Sorry, go away and learn about neuro developmental disorders/conditions.

StarfishEnterprise · 28/12/2012 21:36

This reply has been deleted

Message withdrawn at poster's request.

mymatemax · 28/12/2012 21:36

Beanie, I do often apologise for my sons behaviour as he isn't able to do so. I also accept that there are places my sons wchair can not access, that's just life! Personally I would not allow my son to upset another families enjoyment. My son may have very little awareness of the world around him but I do, so I hope I would behave differently to the parent in the op. BUT I would never judge, that may b the only occasion that family have managed to get out together..who knows. It is amazing just how much slack society will cut fir physical disabilities as opposed to behavioural.

AmberLeaf · 28/12/2012 21:37

My son and every other autistic person, every person with cerebal palsy, every person with downs syndrome etc etc, is part of society

We are all part of society

yohohoho · 28/12/2012 21:39

Amber Who has said only disabled people should compromise.

We all should compromise.

I won't moderate my sons natural behavior is not compromise at all.*

Please don't assume that those who disagree need to learn about neuro developmental disorders. This just disagree with you.
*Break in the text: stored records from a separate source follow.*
lemma analytic_in_fst_fst_image:
  fixes Z :: "(nat \<Rightarrow> real) topology"
  assumes "Polish_space Z" and "compact_space K"
    and "closedin (prod_topology (prod_topology Y Z) K) W"
  shows "analytic_in Y (fst ` fst ` W)"
proof -
  have "closedin (prod_topology Y Z) (fst ` W)"
    using closed_map_fst[OF assms(2), of "prod_topology Y Z"] assms(3)
    unfolding closed_map_def by blast
  then show ?thesis
    using assms(1) unfolding analytic_in_def by blast
qed

lemma topspace_cantor_top [simp]: "topspace cantor_top = UNIV"
  by (simp add: cantor_top_def)

context null_loop_sequence
begin

lemma continuous_map_inf_concat_at:
  assumes "t \<in> {0..1}"
  shows "continuous_map cantor_top euclidean (\<lambda>\<alpha>. inf_concat x f \<alpha> t)"
  using assms
proof (cases rule: unit_interval_concat_cases)
  case (2 n)
  define s where "s = 2^Suc n * (t - concat_knot n)"
  have "continuous_map cantor_top (discrete_topology UNIV) (\<lambda>\<alpha>. \<alpha> n)"
    unfolding cantor_top_def by (rule continuous_map_product_projection) simp
  then have "continuous_map cantor_top euclidean ((\<lambda>b. if b then f n s else x) \<circ> (\<lambda>\<alpha>. \<alpha> n))"
    by (rule continuous_map_compose) simp
  then show ?thesis
    by (rule continuous_map_eq) (use 2 in \<open>simp add: inf_concat_piece[of n] s_def concat_piece_def\<close>)
qed simp

lemma continuous_map_chain_term:
  assumes "continuous_map T cantor_top a" "continuous_map T cantor_top b"
    and "continuous_map T (simplices_space X) w" and "t \<in> {0..1}"
  shows "continuous_map T euclidean
    (\<lambda>p. chain_term m (w p) (inf_concat x f (a p)) (inf_concat x f (b p)) u t)"
proof -
  have eval: "continuous_map T euclidean (\<lambda>p. w p i q)" if "q \<in> simplex2" for i q
    using continuous_map_compose[OF assms(3) continuous_map_simplices_space_eval[OF that]]
    by (simp add: o_def)
  have "(1 - t, t) \<in> simplex2" "(0, t) \<in> simplex2" "(t, 0) \<in> simplex2"
    using assms(4) by (auto simp: simplex2_def)
  moreover have "continuous_map T euclidean (\<lambda>p. inf_concat x f (a p) t)"
    "continuous_map T euclidean (\<lambda>p. inf_concat x f (b p) t)"
    using continuous_map_compose[OF assms(1) continuous_map_inf_concat_at[OF assms(4)]]
      continuous_map_compose[OF assms(2) continuous_map_inf_concat_at[OF assms(4)]]
    by (simp_all add: o_def)
  ultimately show ?thesis
    unfolding chain_term_def face0_def face1_def face2_def
    by (cases "u < 3 * m"; cases "u = 3 * m") (auto intro: eval)
qed

text \<open>The coordinate z 0 codes the discrete data of a certificate (weights and labelling),
  the coordinates z (Suc k) its modulus of continuity.\<close>

definition certified_pairs
  :: "((((nat \<Rightarrow> bool) \<times> (nat \<Rightarrow> bool)) \<times> (nat \<Rightarrow> real)) \<times> (nat \<Rightarrow> real \<times> real \<Rightarrow> 'a)) set"
  where "certified_pairs =
    {p \<in> topspace (prod_topology (prod_topology (prod_topology cantor_top cantor_top) code_space)
                    (simplices_space X)).
      case p of (((\<alpha>, \<beta>), z), w) \<Rightarrow> \<forall>n. z 0 = real n \<longrightarrow>
        boundary_certificate (from_nat n) (\<lambda>k. z (Suc k)) w (inf_concat x f \<alpha>) (inf_concat x f \<beta>)}"

lemma ex_certified_pairs_iff:
  "(\<exists>z w. (((\<alpha>, \<beta>), z), w) \<in> certified_pairs) \<longleftrightarrow>
    (\<exists>d \<mu> w. (\<forall>i. w i \<in> simplex2 \<rightarrow>\<^sub>E X) \<and>
      boundary_certificate d \<mu> w (inf_concat x f \<alpha>) (inf_concat x f \<beta>))"
proof
  assume "\<exists>z w. (((\<alpha>, \<beta>), z), w) \<in> certified_pairs"
  then obtain z w n where "\<forall>i. w i \<in> simplex2 \<rightarrow>\<^sub>E X" "z 0 = real n"
    "boundary_certificate (from_nat n) (\<lambda>k. z (Suc k)) w (inf_concat x f \<alpha>) (inf_concat x f \<beta>)"
    by (auto simp: certified_pairs_def topspace_code_space topspace_simplices_space
        elim!: Nats_cases)
  then show "\<exists>d \<mu> w. (\<forall>i. w i \<in> simplex2 \<rightarrow>\<^sub>E X) \<and>
    boundary_certificate d \<mu> w (inf_concat x f \<alpha>) (inf_concat x f \<beta>)"
    by blast
next
  assume "\<exists>d \<mu> w. (\<forall>i. w i \<in> simplex2 \<rightarrow>\<^sub>E X) \<and>
    boundary_certificate d \<mu> w (inf_concat x f \<alpha>) (inf_concat x f \<beta>)"
  then obtain d \<mu> w where "\<forall>i. w i \<in> simplex2 \<rightarrow>\<^sub>E X"
    "boundary_certificate d \<mu> w (inf_concat x f \<alpha>) (inf_concat x f \<beta>)"
    by blast
  then have "(((\<alpha>, \<beta>), case_nat (real (to_nat d)) \<mu>), w) \<in> certified_pairs"
    by (simp add: certified_pairs_def topspace_code_space topspace_simplices_space)
  then show "\<exists>z w. (((\<alpha>, \<beta>), z), w) \<in> certified_pairs"
    by blast
qed

lemma fst_fst_certified_pairs:
  "fst ` fst ` certified_pairs = {(\<alpha>, \<beta>). homologous X (inf_concat x f \<alpha>) (inf_concat x f \<beta>)}"
proof -
  have "(\<exists>z w. (((\<alpha>, \<beta>), z), w) \<in> certified_pairs) \<longleftrightarrow>
    homologous X (inf_concat x f \<alpha>) (inf_concat x f \<beta>)" for \<alpha> \<beta>
    unfolding ex_certified_pairs_iff using homologous_iff_boundary_certificate base_in_X by blast
  then show ?thesis
    by force
qed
Boomerwang · 28/12/2012 21:39

I don't think you are being unreasonable. If I'd paid that kind of money I'd fully expect to enjoy the show no matter who was seated around me. I wouldn't have just sat there and said nothing though. I get quite defensive about stuff like that. I would have spoken to the parents and if nothing changed I would have found a member of staff from somewhere. If they couldn't do anything I would ask for my money back, transfer my tickets to another date or something along those lines.
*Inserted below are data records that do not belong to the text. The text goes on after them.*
(* With $\tilde h_n(q)=q^{n(n-1)/2}h_n(q^{-1})$, one has, as formal power series in $s$, $$\sum_{n\ge0}\tilde h_n(q)s^n=\cfrac{1}{1-\cfrac{c_1 s}{1-\cfrac{c_2 s}{1-\cfrac{c_3 s}{1-\cdots}}}},$$ where $c_{2m-1}=\binom{m+1}{2}_q$ and $c_{2m}=q\binom{m+1}{2}_q$ for $m\ge1$; explicitly $$\sum_{n\ge 0}\tilde h_n(q)s^n=\cfrac{1}{1-\cfrac{s}{1-\cfrac{qs}{1-\cfrac{\binom{3}{2}_q s}{1-\cfrac{q\binom{3}{2}_q s}{1-\cfrac{\binom{4}{2}_q s}{1-\cfrac{q\binom{4}{2}_q s}{1-\cdots}}}}}}}.$$
   Context: Gaussian binomial coefficients: for $m\ge k\ge 0$, $\binom{m}{k}_q=\frac{[m]_q!}{[k]_q!\,[m-k]_q!}$ with $[m]_q!=\prod_{i=1}^m\frac{1-q^i}{1-q}$; set $\binom{m}{k}_q=0$ if $k>m$ or $k<0$. Let $W$ be an $n$-dimensional complex vector space with basis $w_1,\dots,w_n$, and $pr_k:W\to W$ the projection with $pr_k(\sum_i c_iw_i)=\sum_{i\ne k}c_iw_i$. The degenerate flag variety $\mathrm{Fl}^a_n$ is the variety of tuples $(V_1,\dots,V_{n-1})$ of subspaces of $W$ with $\dim V_k=k$ and $pr_{k+1}V_k\subset V_{k+1}$ for $k=1,\dots,n-2$. It admits a cellular decomposition into complex affine cells, so its Poincaré polynomial $P(t)$ involves only even powers of $t$; define $h_n(q)=P(q^{1/2})$, a polynomial of degree $n(n-1)/2$ with $h_0(q)=h_1(q)=1$. It is known (Cerulli Irelli–Feigin–Reineke) that $$h_n(q)=\sum_{f_1,\dots,f_{n-1}\ge 0} q^{\sum_{k=1}^{n-1}(k-f_k)(1-f_k+f_{k+1})}\prod_{k=1}^{n-1}\binom{1+f_{k-1}}{f_k}_{\!q}\prod_{k=1}^{n-1}\binom{1+f_{k+1}}{f_k}_{\!q},$$ with the convention $f_0=f_n=0$. *)

theory Defs
  imports "HOL-Computational_Algebra.Computational_Algebra"
begin

definition qint :: "nat \<Rightarrow> complex poly" where
  "qint i = (\<Sum>j<i. monom 1 j)"

definition qfact :: "nat \<Rightarrow> complex poly" where
  "qfact m = (\<Prod>i=1..m. qint i)"

text \<open>Gaussian binomial coefficient as a polynomial in q (exact polynomial quotient).\<close>
definition qbinom :: "nat \<Rightarrow> nat \<Rightarrow> complex poly" where
  "qbinom m k = (if k \<le> m then qfact m div (qfact k * qfact (m - k)) else 0)"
However, I know full well that I'd be refused a refund because another patron has spoilt the experience. I'd be accused of being disabilist (how DO you spell that? the spell checker is annoying me) too.

FestiveElement · 28/12/2012 21:40

Some of the attitudes on this thread are amazingly selfish.

In an understandable attempt to allow children with special needs to live as full a life as possible, some parents expect that everyone else should put up with whatever disruption is caused no matter what.

Yes it's important that children who are autistic get the opportunity to do the same things as other children can do, but not to the detriment of other children. All children are equally important, one child having autism doesn't make their participation in a special and expensive event more important than another child's.

I have one child who has ASD, and one who doesn't. If either of them made it impossible for other people to enjoy what they had paid to do I would remove them, because I'm their parent and that's my job. It is not my job to fight so ferociously for my child's rights that I can disregard anyone else's children. That's just not how society works.

StarfishEnterprise · 28/12/2012 21:41

This reply has been deleted

Message withdrawn at poster's request.

yohohoho · 28/12/2012 21:43

Amber here is an example.

My son can not tolerate busy cramped spaces. My family had a celebratory meal at a very popular (but small) restaurant. It was not in DS' best interest to go. Also it would have been unfair on other diners and my family if he had have had a melt down.

The choice was that I did not go. It was in ds interest not to go, but also for the sake of other people enjoying a night out.

It was a compromise. Me and dh take him to restaurants during quieter periods. so he still gets to go (and the week after much of the family joined us) but it is a better solution for him and others.

The same as my nephew goes to quieter viewings of the cinema.